(1.) This is an appeal by one Hafezali Haldar who has been convicted by a verdict of a jury of offences punishable under Secs.148 and 326, I.P.C.
(2.) The ground of appeal which has been urged before us is that the recording of the heads of the charge is insufficient and the criticism is based upon the fact that the heads of the charge do not reveal the way in which the learned Sessions Judge explained the sections under which the accused has been charged. Nor the sections concerned with the exercise of the right of private defence on which the accused relied. In the heads of the charge there is a paragraph which runs as follows: Secs.141, 142, 146 to 148, 319 to 322, 326, 201, I.P.C., explained; Secs.96, 97, 99 to 106 I.P.C. explained. Charges explained.

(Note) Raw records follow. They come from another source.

definition unitary_op :: "nat \<Rightarrow> complex mat \<Rightarrow> bool" where
  "unitary_op n W \<longleftrightarrow> W \<in> carrier_mat n n \<and> W * conj_transpose W = 1\<^sub>m n
      \<and> conj_transpose W * W = 1\<^sub>m n"

definition tensor_id :: "complex mat \<Rightarrow> nat \<Rightarrow> complex mat" where
  "tensor_id W d = mat (dim_row W * d) (dim_col W * d)
     (\<lambda>(i,j). if i mod d = j mod d then W $$ (i div d, j div d) else 0)"

definition unit_vector :: "nat \<Rightarrow> complex vec \<Rightarrow> bool" where
  "unit_vector N v \<longleftrightarrow> v \<in> carrier_vec N \<and> (\<Sum>i<N. (cmod (v $ i))\<^sup>2) = 1"

definition lin_indep_list :: "nat \<Rightarrow> complex vec list \<Rightarrow> bool" where
  "lin_indep_list N vs \<longleftrightarrow>
     (\<forall>c :: nat \<Rightarrow> complex.
        (\<forall>i<N. (\<Sum>j<length vs. c j * (vs ! j) $ i) = 0) \<longrightarrow> (\<forall>j<length vs. c j = 0))"

definition unamb_distinguishable :: "nat \<Rightarrow> complex mat list \<Rightarrow> bool" where
  "unamb_distinguishable n Ws \<longleftrightarrow>
     (\<exists>d::nat. d > 0 \<and> (\<exists>\<psi>. unit_vector (n * d) \<psi> \<and>
        lin_indep_list (n * d) (map (\<lambda>W. tensor_id W d *\<^sub>v \<psi>) Ws)))"

text \<open>Standard oracle U_f on H_M (x) H_2 for f : Z_M \<rightarrow> Z_2 (values 0/1 as nat):
  U_f |x>|y> = |x>|y xor f x>.\<close>
definition oracle_op :: "nat \<Rightarrow> (nat \<Rightarrow> nat) \<Rightarrow> complex mat" where
  "oracle_op M f = mat (2 * M) (2 * M)
     (\<lambda>(i,j). if i div 2 = j div 2 \<and> i mod 2 = (j mod 2 + f (j div 2)) mod 2 then 1 else 0)"

definition grover :: "nat \<Rightarrow> nat \<Rightarrow> nat" where
  "grover j x = (if x = j then 1 else 0)"

definition gram_count :: "nat \<Rightarrow> int mat" where
  "gram_count M = mat M M (\<lambda>(j',j). int (card {x. x < M \<and> grover j' x = grover j x}))"

end

theory Submission
  imports Defs
begin

text \<open>U_f permutes the computational basis by the involution |x,y\<rangle> \<mapsto> |x, y \<oplus> f x\<rangle>, so it
  is a real symmetric permutation matrix squaring to the identity, hence unitary.
  No ancilla is needed to distinguish the Grover oracles: for the probe
  \<psi> = (1 / sqrt M) \<Sum>x. |x,0\<rangle>, the oracle U_(f_j) flips only the j-th term to |j,1\<rangle>,
  so the coordinate |j,1\<rangle> detects the j-th image vector and no other one.
  Finally \<Gamma> = 2 I + (M - 2) J, and subtracting the first column from the others and then
  adding all rows to the first one makes it lower triangular with diagonal
  2 + M (M - 2), 2, ..., 2.\<close>

definition oracle_perm :: "(nat \<Rightarrow> nat) \<Rightarrow> nat \<Rightarrow> nat" where
  "oracle_perm f i = 2 * (i div 2) + (i mod 2 + f (i div 2)) mod 2"

lemma oracle_perm_less:
  assumes "i < 2 * M"
  shows "oracle_perm f i < 2 * M"
proof -
  have "i div 2 < M" "(i mod 2 + f (i div 2)) mod 2 < 2"
    using assms by simp_all
  then show ?thesis
    unfolding oracle_perm_def by linarith
qed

(3.) The learned advocate appearing for the Crown concedes that it is highly desirable that the heads of the charge should indicate far more fully than has been done here what the learned Sessions Judge has said in his explanation of the law to the jury and there are many reported cases dealing with the form which record of the learned Sessions Judge's direction on the law should take. Among others we were referred to the observation of Sanderson, C.J., in the case of Kasimuddin Nasya V/s. Emperor (1920) 47 Cal. 795. But in spite of this the learned advocate for the Crown argued that before we were justified in setting aside the verdict of the jury on the ground which I have indicated we must be in a position to come to the conclusion under Section 423, Sub-section (2), Criminal P.C., that the verdict is erroneous owing to misdirection by the Judge or {misunderstanding on the part of the jury of the law as laid down by him, and he |says that it is for the appellant to show affirmatively that there has been such misdirection or misunderstanding. He is supported in this contention by an unreported case decided by Graham and Lort-Williams, JJ., in Appeal No. (248 of 1929 where the point urged here on behalf of the appellant was taken and the Court pointed out that in no case had the verdict of a jury been set aside solely on the ground that the heads of a charge were in the form with which we are dealing in the present case, and that in the opinion of the Court the provisions of Sub-section (2), Section 423, were effective to prevent a Court from interfering with the verdict of a jury on this ground alone. It is also pointed out on behalf of the Crown that, although we do not know exactly what the learned Judge said to the jury as to the right of private defence, yet in concluding his charge he gave direction to the jury that, unless they were satisfied with the evidence of possession by the complainant's party they were bound to acquit the accused, thereby leaving out of account the possibility of their right of private defence being exceeded. We do not think that there is any substance in the other criticism which has been directed against the charge and it seems to us that the learned Judge dealt with sufficient fullness with the inference which the jury were entitled to draw from the failure to examine witnesses who in his opinion should have been examined.